The question arose what to do if the density of a random variable depends on $(\alpha-x)$ (maybe in some degree) on the interval from 0 to $\alpha$, for example. The likelihood function then turns out to depend on the product of $(\alpha-x)^n$. And when the MLE estimator is set to $\hat\alpha=max(X_i)$, it turns out that the likelihood function is reset to zero. What about the MLE estimator in such cases? For example, if r.v. with density $f(x)=\left ( \frac{2\left ( \alpha -x \right )}{\alpha^2}\right ) if x\in \left [ 0;\alpha \right ]$
or the second example in this message The Doctor (https://math.stackexchange.com/users/165662/the-doctor), Existence of Maximum Likelihood Estimator, URL (version: 2017-10-08): Existence of Maximum Likelihood Estimator
When substituting such an estimator $\hat{\mu}=X_{(1)}$, the likelihood function is equal to 0 too - one of the multipliers, where the minimum member of the sample comes across, resets it. What about this estimation then?
In your example, the lileihood is
$$L(X;a)=\frac{2^n}{a^{2n}} \prod_{i=1}^n (a-x_i) [0\le x_i \le a]$$
In terms of the variable $a$, this gives the domain $a \in [\max(x_i), +\infty)$. Inside this domain, $L(X;a)$ is differentiable. Hence, its global maximum is either a critical point inside the domain, or either lies in the extremes.
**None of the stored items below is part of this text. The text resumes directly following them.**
text \<open>Index the vertices from 0, as in the encoding, and place them on the rim, the cycle
  a_0 b_0 a_1 b_1 ... of length 2n: a_i sits at position 2i, and b_i, c_i, d_i sit above position
  2i + 1 at levels 0, 1, 2. Every edge either changes the level by one or moves by 1 or 2 along the
  rim at a fixed level, and d(u, v) is the ceiling of half the cyclic distance of the positions plus
  the difference of the levels.

  Hence a vertical edge is resolved by every vertex, while an edge joining positions q and q + k
  (k = 1, 2) is resolved by w unless the offset of q from w, taken mod 2n, is blind for k: for k = 1
  the blind offsets are the odd ones below n and the even ones from n on, for k = 2 they are n - 1
  and 2n - 1. For odd n no offset r has r and r - 1 both blind, so a_0, b_0 (positions 0, 1) form a
  local resolving set; for even n the same holds for r, r - 1, r - 2 and a_0, b_0, a_1. Conversely
  one vertex is always blind at offset n - 1 for k = 2, and for even n any two vertices share a
  blind offset.\<close>

section \<open>Distances from potential functions\<close>

lemma is_walk_snoc:
  assumes "q \<noteq> []"
  shows "is_walk V E (q @ [x]) \<longleftrightarrow> is_walk V E q \<and> x \<in> V \<and> E (last q) x"
proof -
  obtain j where j: "length q = Suc j" using assms by (cases q) auto
  have last_q: "last q = q ! j" using assms j by (simp add: last_conv_nth)
  have steps: "(\<forall>i. Suc i < length (q @ [x]) \<longrightarrow> E ((q @ [x]) ! i) ((q @ [x]) ! Suc i)) \<longleftrightarrow>
      (\<forall>i. Suc i < length q \<longrightarrow> E (q ! i) (q ! Suc i)) \<and> E (last q) x"
  proof
    assume h: "\<forall>i. Suc i < length (q @ [x]) \<longrightarrow> E ((q @ [x]) ! i) ((q @ [x]) ! Suc i)"
    have "E (q ! i) (q ! Suc i)" if "Suc i < length q" for i
      using h[rule_format, of i] that by (simp add: nth_append)
    moreover have "E (last q) x" using h[rule_format, of j] j last_q by (simp add: nth_append)
    ultimately show "(\<forall>i. Suc i < length q \<longrightarrow> E (q ! i) (q ! Suc i)) \<and> E (last q) x" by blast
  next
    assume h: "(\<forall>i. Suc i < length q \<longrightarrow> E (q ! i) (q ! Suc i)) \<and> E (last q) x"
    show "\<forall>i. Suc i < length (q @ [x]) \<longrightarrow> E ((q @ [x]) ! i) ((q @ [x]) ! Suc i)"
    proof (intro allI impI)
      fix i assume "Suc i < length (q @ [x])"
      then consider "Suc i < length q" | "i = j" using j by fastforce
      then show "E ((q @ [x]) ! i) ((q @ [x]) ! Suc i)"
        by cases (use h j last_q in \<open>simp_all add: nth_append\<close>)
    qed
  qed
  show ?thesis unfolding is_walk_def steps by (simp add: assms conj_ac)
qed
lemma convex_on_sublevel_min_value:
  assumes f: "convex_on X f" and g: "convex_on X g" and "convex S"
    and min: "\<And>l. l \<in> S \<Longrightarrow> p l \<in> X \<and> f (p l) \<le> l \<and> (\<forall>y\<in>X. f y \<le> l \<longrightarrow> g (p l) \<le> g y)"
  shows "convex_on S (\<lambda>l. g (p l))"
proof (rule convex_onI[OF _ \<open>convex S\<close>])
  fix t l1 l2 :: real assume t: "0 < t" "t < 1" and l: "l1 \<in> S" "l2 \<in> S"
  let ?l = "(1 - t) *\<^sub>R l1 + t *\<^sub>R l2" and ?z = "(1 - t) *\<^sub>R p l1 + t *\<^sub>R p l2"
  have "?l \<in> S"
    using convexD_alt[OF \<open>convex S\<close> l] t by simp
  have p: "p l1 \<in> X" "f (p l1) \<le> l1" "p l2 \<in> X" "f (p l2) \<le> l2"
    using min[OF l(1)] min[OF l(2)] by auto
  have "?z \<in> X"
    using convexD_alt[OF convex_on_imp_convex[OF f] p(1,3)] t by simp
  moreover have "f ?z \<le> ?l"
  proof -
    have "f ?z \<le> (1 - t) * f (p l1) + t * f (p l2)"
      using convex_onD[OF f] p t by simp
    also have "\<dots> \<le> ?l"
      using p t by (simp add: add_mono mult_left_mono)
    finally show ?thesis .
  qed
  ultimately have "g (p ?l) \<le> g ?z"
    using min[OF \<open>?l \<in> S\<close>] by blast
  also have "\<dots> \<le> (1 - t) * g (p l1) + t * g (p l2)"
    using convex_onD[OF g] p t by simp
  finally show "g (p ?l) \<le> (1 - t) * g (p l1) + t * g (p l2)" .
qed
But the latter is not possible, because $L(X; \max(x_i))=0$. Hence we can seek for critical points.
Using the log likelihood, deriving and equating to zero we get the following equation for the critical point(s):
$$ a =\frac{2n}{\sum \frac{1}{a-x_i}} =2\,{\rm Hm}(a-x_i) $$
where $Hm$ denotes the harmonic mean.
This should be solved numerically (inside the domain).